Выяснилось, что никто этого не помнит. Цимбаларь ссылался на свой политический нигилизм. Кондаков — на неприязнь к бравому генералу, якобы причастному к антинародному курсу правительства. Людочке не оставалось ничего другого, как позвонить знакомому сотруднику одной бульварной газетёнки, и спустя пару минут выяснилось, что Селезень вошёл в ближайшее окружение президента (не нынешнего, а предыдущего) примерно за тридцать-сорок дней до покушения на Суконко.

— Всё сходится, — сказала Людочка тоном Клеопатры, с триумфом вступающей в Рим.

— Мне лично так не кажется, — упорствовал Цимбаларь. — Не надо путать случайное совпадение с закономерностью. Несколько лет назад я вдрызг разругался с одной шведкой и по пьянке проклял весь этот гордый народ, в чём сейчас искренне раскаиваюсь. А на следующий день убили тамошнего премьер-министра Улофа Пальме. Если следовать вашей логике, без меня там не обошлось.

— Выспаться тебе надо, — посоветовал Кондаков. — Ты как паровоз после дальнего рейса. Уголь в топке уже выгорел, а пар из котла ещё прёт. Так и до беды недолго. Нельзя тебе без провожатых на юг ездить. Не ровён час, сопьёшься.

— И на север ему нельзя, — добавила Людочка. — Чукчи ещё посильней казаков пьют. Пусть дома сидит, если на спиртное такой падкий.
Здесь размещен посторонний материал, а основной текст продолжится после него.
lemma cx1_cx2_nonzero:
  assumes "x1x2 x \<noteq> 0"
  shows "cx1 x \<noteq> 0" "cx2 x \<noteq> 0"
  using cx1_mult_cx2[of x] assms by auto

lemma x1x2_pos: "x1x2 x \<noteq> 0 \<Longrightarrow> 0 < x1x2 x"
  by (simp add: x1x2_def sum_power2_gt_zero_iff)

lemma csq_eq_sqrt_x1x2: "csq x = of_real (sqrt (x1x2 x))"
  by (simp add: csq_def cx1_def x1x2_def norm_complex_def)

lemma cz1_mult_cz2: "cz1 x * cz2 x = of_real ((x$6)\<^sup>2 + (x$9)\<^sup>2)"
  by (simp add: complex_eq_iff cz1_def cz2_def power2_eq_square algebra_simps)

lemma shifted_w_product:
  "(cw1 x + \<i> * of_real e1 * cz1 x) * (cw2 x - \<i> * of_real e1 * cz2 x)
     = of_real (((x$1 - 2*e1*x$9)\<^sup>2 + (x$2 + 2*e1*x$6)\<^sup>2) / 4)"
  by (simp add: complex_eq_iff cw1_def cw2_def cz1_def cz2_def power2_eq_square field_simps)

text \<open>With \<open>r = a\<^sup>2 - b\<^sup>2\<close>, these are \<open>\<surd>(x\<^sub>1x\<^sub>2) F\<close>, \<open>-\<i> x\<^sub>1x\<^sub>2 F\<^sub>1\<close>, \<open>4 r x\<^sub>1x\<^sub>2 (\<M> - \<epsilon>\<^sub>1\<^sup>2)\<close>
  and \<open>4 r x\<^sub>1x\<^sub>2 \<surd>(x\<^sub>1x\<^sub>2) L\<close> written out in the phase coordinates.\<close>

definition F_poly :: "real \<Rightarrow> real \<Rightarrow> real \<Rightarrow> real^9 \<Rightarrow> real" where
  "F_poly e0 e1 r x = (0 - x$1*x$4*x$6 - x$1*x$5*x$9 + x$1*x$6*x$8 - x$1*x$7*x$9 + x$2*x$4*x$9 - x$2*x$5*x$6 - x$2*x$6*x$7 - x$2*x$8*x$9 + x$3*x$4^2 - 2*x$3*x$4*x$8 + x$3*x$5^2 + 2*x$3*x$5*x$7 + x$3*x$7^2 + x$3*x$8^2 - 2*x$5*e1*r - 2*x$7*e1*r)"

definition F1_poly :: "real \<Rightarrow> real \<Rightarrow> real \<Rightarrow> real^9 \<Rightarrow> real" where
  "F1_poly e0 e1 r x = (0 - x$1^2*x$4*x$5 - x$1^2*x$4*x$7 + x$1^2*x$5*x$8 + x$1^2*x$7*x$8 + x$1*x$2*x$4^2 - 2*x$1*x$2*x$4*x$8 - x$1*x$2*x$5^2 - 2*x$1*x$2*x$5*x$7 - x$1*x$2*x$7^2 + x$1*x$2*x$8^2 + 2*x$1*x$4^2*x$6*e1 + 4*x$1*x$4*x$5*x$9*e1 - 4*x$1*x$4*x$6*x$8*e1 + 4*x$1*x$4*x$7*x$9*e1 - 2*x$1*x$5^2*x$6*e1 - 4*x$1*x$5*x$6*x$7*e1 - 4*x$1*x$5*x$8*x$9*e1 - 2*x$1*x$6*x$7^2*e1 + 2*x$1*x$6*x$8^2*e1 - 4*x$1*x$7*x$8*x$9*e1 + x$2^2*x$4*x$5 + x$2^2*x$4*x$7 - x$2^2*x$5*x$8 - x$2^2*x$7*x$8 - 2*x$2*x$4^2*x$9*e1 + 4*x$2*x$4*x$5*x$6*e1 + 4*x$2*x$4*x$6*x$7*e1 + 4*x$2*x$4*x$8*x$9*e1 + 2*x$2*x$5^2*x$9*e1 - 4*x$2*x$5*x$6*x$8*e1 + 4*x$2*x$5*x$7*x$9*e1 - 4*x$2*x$6*x$7*x$8*e1 + 2*x$2*x$7^2*x$9*e1 - 2*x$2*x$8^2*x$9*e1 - 2*x$3*x$4^3*e1 + 6*x$3*x$4^2*x$8*e1 - 2*x$3*x$4*x$5^2*e1 - 4*x$3*x$4*x$5*x$7*e1 - 2*x$3*x$4*x$7^2*e1 - 6*x$3*x$4*x$8^2*e1 + 2*x$3*x$5^2*x$8*e1 + 4*x$3*x$5*x$7*x$8*e1 + 2*x$3*x$7^2*x$8*e1 + 2*x$3*x$8^3*e1 - 2*x$4^2*x$5*e0 - 2*x$4^2*x$7*e0 + 4*x$4*x$5*x$8*e0 + 4*x$4*x$5*e1^2*r + 4*x$4*x$7*x$8*e0 + 4*x$4*x$7*e1^2*r - 2*x$5^3*e0 - 6*x$5^2*x$7*e0 - 6*x$5*x$7^2*e0 - 2*x$5*x$8^2*e0 - 4*x$5*x$8*e1^2*r - 2*x$7^3*e0 - 2*x$7*x$8^2*e0 - 4*x$7*x$8*e1^2*r)"

definition M_poly :: "real \<Rightarrow> real \<Rightarrow> real \<Rightarrow> real^9 \<Rightarrow> real" where
  "M_poly e0 e1 r x = (x$1^2*x$4^2 - 2*x$1^2*x$4*x$8 - x$1^2*x$5^2 - 2*x$1^2*x$5*x$7 - x$1^2*x$7^2 + x$1^2*x$8^2 + 4*x$1*x$2*x$4*x$5 + 4*x$1*x$2*x$4*x$7 - 4*x$1*x$2*x$5*x$8 - 4*x$1*x$2*x$7*x$8 - 4*x$1*x$4^2*x$9*e1 + 8*x$1*x$4*x$5*x$6*e1 + 8*x$1*x$4*x$6*x$7*e1 + 8*x$1*x$4*x$8*x$9*e1 + 4*x$1*x$5^2*x$9*e1 - 8*x$1*x$5*x$6*x$8*e1 + 8*x$1*x$5*x$7*x$9*e1 - 8*x$1*x$6*x$7*x$8*e1 + 4*x$1*x$7^2*x$9*e1 - 4*x$1*x$8^2*x$9*e1 - x$2^2*x$4^2 + 2*x$2^2*x$4*x$8 + x$2^2*x$5^2 + 2*x$2^2*x$5*x$7 + x$2^2*x$7^2 - x$2^2*x$8^2 - 4*x$2*x$4^2*x$6*e1 - 8*x$2*x$4*x$5*x$9*e1 + 8*x$2*x$4*x$6*x$8*e1 - 8*x$2*x$4*x$7*x$9*e1 + 4*x$2*x$5^2*x$6*e1 + 8*x$2*x$5*x$6*x$7*e1 + 8*x$2*x$5*x$8*x$9*e1 + 4*x$2*x$6*x$7^2*e1 - 4*x$2*x$6*x$8^2*e1 + 8*x$2*x$7*x$8*x$9*e1 - 4*x$3*x$4^2*x$5*e1 - 4*x$3*x$4^2*x$7*e1 + 8*x$3*x$4*x$5*x$8*e1 + 8*x$3*x$4*x$7*x$8*e1 - 4*x$3*x$5^3*e1 - 12*x$3*x$5^2*x$7*e1 - 12*x$3*x$5*x$7^2*e1 - 4*x$3*x$5*x$8^2*e1 - 4*x$3*x$7^3*e1 - 4*x$3*x$7*x$8^2*e1 + 4*x$4^3*e0 - 12*x$4^2*x$8*e0 - 4*x$4^2*e1^2*r + 4*x$4*x$5^2*e0 + 8*x$4*x$5*x$7*e0 + 4*x$4*x$7^2*e0 + 12*x$4*x$8^2*e0 + 8*x$4*x$8*e1^2*r - 4*x$5^2*x$8*e0 + 4*x$5^2*e1^2*r - 8*x$5*x$7*x$8*e0 + 8*x$5*x$7*e1^2*r - 4*x$7^2*x$8*e0 + 4*x$7^2*e1^2*r - 4*x$8^3*e0 - 4*x$8^2*e1^2*r)"

definition L_poly :: "real \<Rightarrow> real \<Rightarrow> real \<Rightarrow> real^9 \<Rightarrow> real" where
  "L_poly e0 e1 r x = (x$1^2*x$4^4 - 4*x$1^2*x$4^3*x$8 + x$1^2*x$4^2*x$6^2 + 6*x$1^2*x$4^2*x$8^2 + x$1^2*x$4^2*x$9^2 + x$1^2*x$4^2*r - 2*x$1^2*x$4*x$6^2*x$8 - 4*x$1^2*x$4*x$8^3 - 2*x$1^2*x$4*x$8*x$9^2 - 2*x$1^2*x$4*x$8*r - x$1^2*x$5^4 - 4*x$1^2*x$5^3*x$7 - x$1^2*x$5^2*x$6^2 - 6*x$1^2*x$5^2*x$7^2 - x$1^2*x$5^2*x$9^2 + x$1^2*x$5^2*r - 2*x$1^2*x$5*x$6^2*x$7 - 4*x$1^2*x$5*x$7^3 - 2*x$1^2*x$5*x$7*x$9^2 + 2*x$1^2*x$5*x$7*r - x$1^2*x$6^2*x$7^2 + x$1^2*x$6^2*x$8^2 - x$1^2*x$7^4 - x$1^2*x$7^2*x$9^2 + x$1^2*x$7^2*r + x$1^2*x$8^4 + x$1^2*x$8^2*x$9^2 + x$1^2*x$8^2*r + 4*x$1*x$2*x$4^3*x$5 + 4*x$1*x$2*x$4^3*x$7 - 12*x$1*x$2*x$4^2*x$5*x$8 - 12*x$1*x$2*x$4^2*x$7*x$8 + 4*x$1*x$2*x$4*x$5^3 + 12*x$1*x$2*x$4*x$5^2*x$7 + 4*x$1*x$2*x$4*x$5*x$6^2 + 12*x$1*x$2*x$4*x$5*x$7^2 + 12*x$1*x$2*x$4*x$5*x$8^2 + 4*x$1*x$2*x$4*x$5*x$9^2 + 4*x$1*x$2*x$4*x$6^2*x$7 + 4*x$1*x$2*x$4*x$7^3 + 12*x$1*x$2*x$4*x$7*x$8^2 + 4*x$1*x$2*x$4*x$7*x$9^2 - 4*x$1*x$2*x$5^3*x$8 - 12*x$1*x$2*x$5^2*x$7*x$8 - 4*x$1*x$2*x$5*x$6^2*x$8 - 12*x$1*x$2*x$5*x$7^2*x$8 - 4*x$1*x$2*x$5*x$8^3 - 4*x$1*x$2*x$5*x$8*x$9^2 - 4*x$1*x$2*x$6^2*x$7*x$8 - 4*x$1*x$2*x$7^3*x$8 - 4*x$1*x$2*x$7*x$8^3 - 4*x$1*x$2*x$7*x$8*x$9^2 - 4*x$1*x$4^4*x$9*e1 + 8*x$1*x$4^3*x$5*x$6*e1 + 8*x$1*x$4^3*x$6*x$7*e1 + 16*x$1*x$4^3*x$8*x$9*e1 - 24*x$1*x$4^2*x$5*x$6*x$8*e1 - 4*x$1*x$4^2*x$6^2*x$9*e1 - 24*x$1*x$4^2*x$6*x$7*x$8*e1 - 24*x$1*x$4^2*x$8^2*x$9*e1 - 4*x$1*x$4^2*x$9^3*e1 - 4*x$1*x$4^2*x$9*e1*r + 8*x$1*x$4*x$5^3*x$6*e1 + 24*x$1*x$4*x$5^2*x$6*x$7*e1 + 8*x$1*x$4*x$5*x$6^3*e1 + 24*x$1*x$4*x$5*x$6*x$7^2*e1 + 24*x$1*x$4*x$5*x$6*x$8^2*e1 + 8*x$1*x$4*x$5*x$6*x$9^2*e1 + 8*x$1*x$4*x$6^3*x$7*e1 + 8*x$1*x$4*x$6^2*x$8*x$9*e1 + 8*x$1*x$4*x$6*x$7^3*e1 + 24*x$1*x$4*x$6*x$7*x$8^2*e1 + 8*x$1*x$4*x$6*x$7*x$9^2*e1 + 16*x$1*x$4*x$8^3*x$9*e1 + 8*x$1*x$4*x$8*x$9^3*e1 + 8*x$1*x$4*x$8*x$9*e1*r + 4*x$1*x$5^4*x$9*e1 - 8*x$1*x$5^3*x$6*x$8*e1 + 16*x$1*x$5^3*x$7*x$9*e1 + 4*x$1*x$5^2*x$6^2*x$9*e1 - 24*x$1*x$5^2*x$6*x$7*x$8*e1 + 24*x$1*x$5^2*x$7^2*x$9*e1 + 4*x$1*x$5^2*x$9^3*e1 - 4*x$1*x$5^2*x$9*e1*r - 8*x$1*x$5*x$6^3*x$8*e1 + 8*x$1*x$5*x$6^2*x$7*x$9*e1 - 24*x$1*x$5*x$6*x$7^2*x$8*e1 - 8*x$1*x$5*x$6*x$8^3*e1 - 8*x$1*x$5*x$6*x$8*x$9^2*e1 + 16*x$1*x$5*x$7^3*x$9*e1 + 8*x$1*x$5*x$7*x$9^3*e1 - 8*x$1*x$5*x$7*x$9*e1*r - 8*x$1*x$6^3*x$7*x$8*e1 + 4*x$1*x$6^2*x$7^2*x$9*e1 - 4*x$1*x$6^2*x$8^2*x$9*e1 - 8*x$1*x$6*x$7^3*x$8*e1 - 8*x$1*x$6*x$7*x$8^3*e1 - 8*x$1*x$6*x$7*x$8*x$9^2*e1 + 4*x$1*x$7^4*x$9*e1 + 4*x$1*x$7^2*x$9^3*e1 - 4*x$1*x$7^2*x$9*e1*r - 4*x$1*x$8^4*x$9*e1 - 4*x$1*x$8^2*x$9^3*e1 - 4*x$1*x$8^2*x$9*e1*r - x$2^2*x$4^4 + 4*x$2^2*x$4^3*x$8 - x$2^2*x$4^2*x$6^2 - 6*x$2^2*x$4^2*x$8^2 - x$2^2*x$4^2*x$9^2 + x$2^2*x$4^2*r + 2*x$2^2*x$4*x$6^2*x$8 + 4*x$2^2*x$4*x$8^3 + 2*x$2^2*x$4*x$8*x$9^2 - 2*x$2^2*x$4*x$8*r + x$2^2*x$5^4 + 4*x$2^2*x$5^3*x$7 + x$2^2*x$5^2*x$6^2 + 6*x$2^2*x$5^2*x$7^2 + x$2^2*x$5^2*x$9^2 + x$2^2*x$5^2*r + 2*x$2^2*x$5*x$6^2*x$7 + 4*x$2^2*x$5*x$7^3 + 2*x$2^2*x$5*x$7*x$9^2 + 2*x$2^2*x$5*x$7*r + x$2^2*x$6^2*x$7^2 - x$2^2*x$6^2*x$8^2 + x$2^2*x$7^4 + x$2^2*x$7^2*x$9^2 + x$2^2*x$7^2*r - x$2^2*x$8^4 - x$2^2*x$8^2*x$9^2 + x$2^2*x$8^2*r - 4*x$2*x$4^4*x$6*e1 - 8*x$2*x$4^3*x$5*x$9*e1 + 16*x$2*x$4^3*x$6*x$8*e1 - 8*x$2*x$4^3*x$7*x$9*e1 + 24*x$2*x$4^2*x$5*x$8*x$9*e1 - 4*x$2*x$4^2*x$6^3*e1 - 24*x$2*x$4^2*x$6*x$8^2*e1 - 4*x$2*x$4^2*x$6*x$9^2*e1 + 4*x$2*x$4^2*x$6*e1*r + 24*x$2*x$4^2*x$7*x$8*x$9*e1 - 8*x$2*x$4*x$5^3*x$9*e1 - 24*x$2*x$4*x$5^2*x$7*x$9*e1 - 8*x$2*x$4*x$5*x$6^2*x$9*e1 - 24*x$2*x$4*x$5*x$7^2*x$9*e1 - 24*x$2*x$4*x$5*x$8^2*x$9*e1 - 8*x$2*x$4*x$5*x$9^3*e1 + 8*x$2*x$4*x$6^3*x$8*e1 - 8*x$2*x$4*x$6^2*x$7*x$9*e1 + 16*x$2*x$4*x$6*x$8^3*e1 + 8*x$2*x$4*x$6*x$8*x$9^2*e1 - 8*x$2*x$4*x$6*x$8*e1*r - 8*x$2*x$4*x$7^3*x$9*e1 - 24*x$2*x$4*x$7*x$8^2*x$9*e1 - 8*x$2*x$4*x$7*x$9^3*e1 + 4*x$2*x$5^4*x$6*e1 + 16*x$2*x$5^3*x$6*x$7*e1 + 8*x$2*x$5^3*x$8*x$9*e1 + 4*x$2*x$5^2*x$6^3*e1 + 24*x$2*x$5^2*x$6*x$7^2*e1 + 4*x$2*x$5^2*x$6*x$9^2*e1 + 4*x$2*x$5^2*x$6*e1*r + 24*x$2*x$5^2*x$7*x$8*x$9*e1 + 8*x$2*x$5*x$6^3*x$7*e1 + 8*x$2*x$5*x$6^2*x$8*x$9*e1 + 16*x$2*x$5*x$6*x$7^3*e1 + 8*x$2*x$5*x$6*x$7*x$9^2*e1 + 8*x$2*x$5*x$6*x$7*e1*r + 24*x$2*x$5*x$7^2*x$8*x$9*e1 + 8*x$2*x$5*x$8^3*x$9*e1 + 8*x$2*x$5*x$8*x$9^3*e1 + 4*x$2*x$6^3*x$7^2*e1 - 4*x$2*x$6^3*x$8^2*e1 + 8*x$2*x$6^2*x$7*x$8*x$9*e1 + 4*x$2*x$6*x$7^4*e1 + 4*x$2*x$6*x$7^2*x$9^2*e1 + 4*x$2*x$6*x$7^2*e1*r - 4*x$2*x$6*x$8^4*e1 - 4*x$2*x$6*x$8^2*x$9^2*e1 + 4*x$2*x$6*x$8^2*e1*r + 8*x$2*x$7^3*x$8*x$9*e1 + 8*x$2*x$7*x$8^3*x$9*e1 + 8*x$2*x$7*x$8*x$9^3*e1 - 4*x$3*x$4^4*x$5*e1 - 4*x$3*x$4^4*x$7*e1 + 16*x$3*x$4^3*x$5*x$8*e1 + 16*x$3*x$4^3*x$7*x$8*e1 - 8*x$3*x$4^2*x$5^3*e1 - 24*x$3*x$4^2*x$5^2*x$7*e1 - 4*x$3*x$4^2*x$5*x$6^2*e1 - 24*x$3*x$4^2*x$5*x$7^2*e1 - 24*x$3*x$4^2*x$5*x$8^2*e1 - 4*x$3*x$4^2*x$5*x$9^2*e1 - 4*x$3*x$4^2*x$6^2*x$7*e1 - 8*x$3*x$4^2*x$7^3*e1 - 24*x$3*x$4^2*x$7*x$8^2*e1 - 4*x$3*x$4^2*x$7*x$9^2*e1 + 16*x$3*x$4*x$5^3*x$8*e1 + 48*x$3*x$4*x$5^2*x$7*x$8*e1 + 8*x$3*x$4*x$5*x$6^2*x$8*e1 + 48*x$3*x$4*x$5*x$7^2*x$8*e1 + 16*x$3*x$4*x$5*x$8^3*e1 + 8*x$3*x$4*x$5*x$8*x$9^2*e1 + 8*x$3*x$4*x$6^2*x$7*x$8*e1 + 16*x$3*x$4*x$7^3*x$8*e1 + 16*x$3*x$4*x$7*x$8^3*e1 + 8*x$3*x$4*x$7*x$8*x$9^2*e1 - 4*x$3*x$5^5*e1 - 20*x$3*x$5^4*x$7*e1 - 4*x$3*x$5^3*x$6^2*e1 - 40*x$3*x$5^3*x$7^2*e1 - 8*x$3*x$5^3*x$8^2*e1 - 4*x$3*x$5^3*x$9^2*e1 - 12*x$3*x$5^2*x$6^2*x$7*e1 - 40*x$3*x$5^2*x$7^3*e1 - 24*x$3*x$5^2*x$7*x$8^2*e1 - 12*x$3*x$5^2*x$7*x$9^2*e1 - 12*x$3*x$5*x$6^2*x$7^2*e1 - 4*x$3*x$5*x$6^2*x$8^2*e1 - 20*x$3*x$5*x$7^4*e1 - 24*x$3*x$5*x$7^2*x$8^2*e1 - 12*x$3*x$5*x$7^2*x$9^2*e1 - 4*x$3*x$5*x$8^4*e1 - 4*x$3*x$5*x$8^2*x$9^2*e1 - 4*x$3*x$6^2*x$7^3*e1 - 4*x$3*x$6^2*x$7*x$8^2*e1 - 4*x$3*x$7^5*e1 - 8*x$3*x$7^3*x$8^2*e1 - 4*x$3*x$7^3*x$9^2*e1 - 4*x$3*x$7*x$8^4*e1 - 4*x$3*x$7*x$8^2*x$9^2*e1 + 4*x$4^5*e0 - 20*x$4^4*x$8*e0 + 8*x$4^3*x$5^2*e0 + 16*x$4^3*x$5*x$7*e0 + 4*x$4^3*x$6^2*e0 + 8*x$4^3*x$7^2*e0 + 40*x$4^3*x$8^2*e0 + 4*x$4^3*x$9^2*e0 - 24*x$4^2*x$5^2*x$8*e0 + 8*x$4^2*x$5^2*e1^2*r - 48*x$4^2*x$5*x$7*x$8*e0 + 16*x$4^2*x$5*x$7*e1^2*r - 12*x$4^2*x$6^2*x$8*e0 - 24*x$4^2*x$7^2*x$8*e0 + 8*x$4^2*x$7^2*e1^2*r - 40*x$4^2*x$8^3*e0 - 12*x$4^2*x$8*x$9^2*e0 + 4*x$4*x$5^4*e0 + 16*x$4*x$5^3*x$7*e0 + 4*x$4*x$5^2*x$6^2*e0 + 24*x$4*x$5^2*x$7^2*e0 + 24*x$4*x$5^2*x$8^2*e0 - 16*x$4*x$5^2*x$8*e1^2*r + 4*x$4*x$5^2*x$9^2*e0 + 8*x$4*x$5*x$6^2*x$7*e0 + 16*x$4*x$5*x$7^3*e0 + 48*x$4*x$5*x$7*x$8^2*e0 - 32*x$4*x$5*x$7*x$8*e1^2*r + 8*x$4*x$5*x$7*x$9^2*e0 + 4*x$4*x$6^2*x$7^2*e0 + 12*x$4*x$6^2*x$8^2*e0 + 4*x$4*x$7^4*e0 + 24*x$4*x$7^2*x$8^2*e0 - 16*x$4*x$7^2*x$8*e1^2*r + 4*x$4*x$7^2*x$9^2*e0 + 20*x$4*x$8^4*e0 + 12*x$4*x$8^2*x$9^2*e0 - 4*x$5^4*x$8*e0 + 8*x$5^4*e1^2*r - 16*x$5^3*x$7*x$8*e0 + 32*x$5^3*x$7*e1^2*r - 4*x$5^2*x$6^2*x$8*e0 + 8*x$5^2*x$6^2*e1^2*r - 24*x$5^2*x$7^2*x$8*e0 + 48*x$5^2*x$7^2*e1^2*r - 8*x$5^2*x$8^3*e0 + 8*x$5^2*x$8^2*e1^2*r - 4*x$5^2*x$8*x$9^2*e0 + 8*x$5^2*x$9^2*e1^2*r - 8*x$5*x$6^2*x$7*x$8*e0 + 16*x$5*x$6^2*x$7*e1^2*r - 16*x$5*x$7^3*x$8*e0 + 32*x$5*x$7^3*e1^2*r - 16*x$5*x$7*x$8^3*e0 + 16*x$5*x$7*x$8^2*e1^2*r - 8*x$5*x$7*x$8*x$9^2*e0 + 16*x$5*x$7*x$9^2*e1^2*r - 4*x$6^2*x$7^2*x$8*e0 + 8*x$6^2*x$7^2*e1^2*r - 4*x$6^2*x$8^3*e0 - 4*x$7^4*x$8*e0 + 8*x$7^4*e1^2*r - 8*x$7^2*x$8^3*e0 + 8*x$7^2*x$8^2*e1^2*r - 4*x$7^2*x$8*x$9^2*e0 + 8*x$7^2*x$9^2*e1^2*r - 4*x$8^5*e0 - 4*x$8^3*x$9^2*e0)"

lemma F_poly_numerator:
  "cx1 x * cx2 x * cw3 x - (cx2 x * cz1 x * cw1 x + cx1 x * cz2 x * cw2 x)
     + \<i> * of_real e1 * of_real (a\<^sup>2 - b\<^sup>2) * (cx1 x - cx2 x) = of_real (F_poly e0 e1 (a\<^sup>2 - b\<^sup>2) x)"
proof -
  define u1 where "u1 = x$1/2"
  define u2 where "u2 = x$2/2"
  have u: "x$1 = 2*u1" "x$2 = 2*u2" by (simp_all add: u1_def u2_def)
  show ?thesis
    apply (rule complex_eqI)
     apply (simp_all add: u cx1_def cx2_def cw1_def cw2_def cw3_def cz1_def cz2_def F_poly_def power2_eq_square)
     apply algebra+
    done
qed

lemma F1_poly_numerator:
  "cx2 x ^ 2 * xi1 a b e0 e1 x - cx1 x ^ 2 * xi2 a b e0 e1 x = \<i> * of_real (F1_poly e0 e1 (a\<^sup>2 - b\<^sup>2) x)"
proof -
  define u1 where "u1 = x$1/2"
  define u2 where "u2 = x$2/2"
  have u: "x$1 = 2*u1" "x$2 = 2*u2" by (simp_all add: u1_def u2_def)
  show ?thesis
    apply (rule complex_eqI)
     apply (simp_all add: u cx1_def cx2_def cw1_def cw2_def cw3_def cz1_def cz2_def xi1_def xi2_def F1_poly_def power2_eq_square)
     apply algebra+
    done
qed

lemma M_poly_numerator:
  "cx2 x ^ 2 * xi1 a b e0 e1 x + cx1 x ^ 2 * xi2 a b e0 e1 x = of_real (M_poly e0 e1 (a\<^sup>2 - b\<^sup>2) x / 2)"
proof -
  define u1 where "u1 = x$1/2"
  define u2 where "u2 = x$2/2"
  have u: "x$1 = 2*u1" "x$2 = 2*u2" by (simp_all add: u1_def u2_def)
  show ?thesis
    apply (rule complex_eqI)
     apply (simp_all add: u cx1_def cx2_def cw1_def cw2_def cw3_def cz1_def cz2_def xi1_def xi2_def M_poly_def power2_eq_square)
     apply algebra+
    done
qed

lemma L_poly_eq:
  "L_poly e0 e1 r x = r * x1x2 x * ((x$1 - 2*e1*x$9)\<^sup>2 + (x$2 + 2*e1*x$6)\<^sup>2)
     + (x1x2 x + ((x$6)\<^sup>2 + (x$9)\<^sup>2)) * M_poly e0 e1 r x + 4 * e1\<^sup>2 * r * (x1x2 x)\<^sup>2"
  unfolding L_poly_def x1x2_def M_poly_def by algebra

lemma FF_eq_F_poly:
  assumes "x1x2 x \<noteq> 0"
  shows "FF a b e0 e1 x = of_real (F_poly e0 e1 (a\<^sup>2 - b\<^sup>2) x / sqrt (x1x2 x))"
proof -
  define \<rho> where "\<rho> = complex_of_real (sqrt (x1x2 x))"
  have "0 < x1x2 x" using x1x2_pos[OF assms] .
  then have \<rho>: "\<rho> \<noteq> 0" "\<rho> * \<rho> = cx1 x * cx2 x"
    by (simp_all add: \<rho>_def cx1_mult_cx2 flip: of_real_mult)
  have "FF a b e0 e1 x = (\<rho> * \<rho> * cw3 x - (cx2 x * cz1 x * cw1 x + cx1 x * cz2 x * cw2 x)
      + \<i> * of_real e1 * of_real (a\<^sup>2 - b\<^sup>2) * (cx1 x - cx2 x)) / \<rho>"
    unfolding FF_def csq_eq_sqrt_x1x2 \<rho>_def[symmetric] using \<rho>(1) by (simp add: field_simps)
  also have "\<dots> = of_real (F_poly e0 e1 (a\<^sup>2 - b\<^sup>2) x) / \<rho>"
    by (subst \<rho>(2), subst F_poly_numerator) (rule refl)
  finally show ?thesis by (simp add: \<rho>_def)
qed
Я его научу крючком вязать, а вы к кефиру приохотите.

— Короче, будем искать тех мотоциклистов из кафе, которые, возможно, как-то пересекаются с доброхотами, в своё время предупредившими Суконко, — сказал Кондаков, вновь взявший бразды правления в свои руки. — Уверен, это будет попроще, чем выслеживать старичка со стреляющей тростью.

— Нет, — тряхнул головой Цимбаларь. — Надо разрабатывать обе линии.

— Это вчетвером-то? — усомнился Кондаков.

— Привлечём на помощь наружку, техническую службу, осведомителей, территориалов.

— У семи нянек дитя без глаза, — возразил Кондаков. — И дело провалят, и вся конспирация пойдёт насмарку. А отвечать нам придётся. За это по головке не погладят.

— В Ростове на почте ничего не выяснилось? — смирив свой гонор, Людочка обратилась к Цимбаларю.

— Какое там! Телефонная станция у них самая допотопная. Входящие междугородные звонки не регистрирует. А если бы и регистрировала, подобная информация четыре года храниться не будет.

— Что пояснил следователь, занимавшийся делом Суконко?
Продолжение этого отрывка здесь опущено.